-------- Exercise data
(* Let $n\ge 2$ and $p>1$, let $h=h^{(n)}$ be the normalized Hermite roots and let $f$ be the monic polynomial with roots $h$. Then the $\ell^p$-contraction ratio $\eta_p:=\|E_n s_n(h)\|_p/\|s_n(h)\|_p$ equals $2^{-1/2}$ for every $p>1$, and consequently the $p$-Stam deficit at the Hermite pair satisfies $g_p(h,h)>0$ for $1<p<2$, $g_2(h,h)=0$, and $g_p(h,h)<0$ for $p>2$. In particular, the $p$-Stam inequality $\Phi_{n,p}(f\boxplus_n g)^{-1/(p-1)}\ge\Phi_{n,p}(f)^{-1/(p-1)}+\Phi_{n,p}(g)^{-1/(p-1)}$ fails for every $p>2$ (witnessed by $f=g$ with roots $h$).
   Context: Score vector: $s_n(\alpha)_i=\sum_{j\ne i}(\alpha_i-\alpha_j)^{-1}$ for simple real roots $\alpha$. $p$-Fisher information: $\Phi_{n,p}(f)=\|s_n(\alpha)\|_p^p$. Finite free additive convolution $f\boxplus_n g$: for $f=\sum(-1)^ka_kx^{n-k}$, $g=\sum(-1)^kb_kx^{n-k}$ monic real-rooted of degree $n$, $f\boxplus_n g=\sum(-1)^kc_kx^{n-k}$ with $c_k=\sum_{i+j=k}\frac{(n-i)!(n-j)!}{n!(n-k)!}a_ib_j$. Root map $\Omega_{\boxplus_n}(\alpha,\beta)$: sorted roots of $f\boxplus_n g$. $h=h^{(n)}$: ordered roots of the probabilists' Hermite polynomial $\mathrm{He}_n$ normalized to mean $0$, variance $1$. Hermite coupling matrix $E_n:=\partial_\alpha\Omega_{\boxplus_n}(\alpha,h)|_{\alpha=h}$; at the symmetric point one has $s_n(\Omega_{\boxplus_n}(h,h))=E_n s_n(h)$. $p$-Stam deficit: $g_p(f,g)=\Phi_{n,p}(f\boxplus_n g)^{-1/(p-1)}-\Phi_{n,p}(f)^{-1/(p-1)}-\Phi_{n,p}(g)^{-1/(p-1)}$. *)

theory Defs
  imports "HOL-Analysis.Analysis" "HOL-Computational_Algebra.Polynomial"
begin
----------------
### Work to be completed
Nothing should be dropped or changed, so repeat all of the entries exactly.

### Expected answer
(* Let $n\ge 2$ and $p>1$, let $h=h^{(n)}$ be the normalized Hermite roots and let $f$ be the monic polynomial with roots $h$. Then the $\ell^p$-contraction ratio $\eta_p:=\|E_n s_n(h)\|_p/\|s_n(h)\|_p$ equals $2^{-1/2}$ for every $p>1$, and consequently the $p$-Stam deficit at the Hermite pair satisfies $g_p(h,h)>0$ for $1<p<2$, $g_2(h,h)=0$, and $g_p(h,h)<0$ for $p>2$. In particular, the $p$-Stam inequality $\Phi_{n,p}(f\boxplus_n g)^{-1/(p-1)}\ge\Phi_{n,p}(f)^{-1/(p-1)}+\Phi_{n,p}(g)^{-1/(p-1)}$ fails for every $p>2$ (witnessed by $f=g$ with roots $h$).
   Context: Score vector: $s_n(\alpha)_i=\sum_{j\ne i}(\alpha_i-\alpha_j)^{-1}$ for simple real roots $\alpha$. $p$-Fisher information: $\Phi_{n,p}(f)=\|s_n(\alpha)\|_p^p$. Finite free additive convolution $f\boxplus_n g$: for $f=\sum(-1)^ka_kx^{n-k}$, $g=\sum(-1)^kb_kx^{n-k}$ monic real-rooted of degree $n$, $f\boxplus_n g=\sum(-1)^kc_kx^{n-k}$ with $c_k=\sum_{i+j=k}\frac{(n-i)!(n-j)!}{n!(n-k)!}a_ib_j$. Root map $\Omega_{\boxplus_n}(\alpha,\beta)$: sorted roots of $f\boxplus_n g$. $h=h^{(n)}$: ordered roots of the probabilists' Hermite polynomial $\mathrm{He}_n$ normalized to mean $0$, variance $1$. Hermite coupling matrix $E_n:=\partial_\alpha\Omega_{\boxplus_n}(\alpha,h)|_{\alpha=h}$; at the symmetric point one has $s_n(\Omega_{\boxplus_n}(h,h))=E_n s_n(h)$. $p$-Stam deficit: $g_p(f,g)=\Phi_{n,p}(f\boxplus_n g)^{-1/(p-1)}-\Phi_{n,p}(f)^{-1/(p-1)}-\Phi_{n,p}(g)^{-1/(p-1)}$. *)

theory Defs
  imports "HOL-Analysis.Analysis" "HOL-Computational_Algebra.Polynomial"
begin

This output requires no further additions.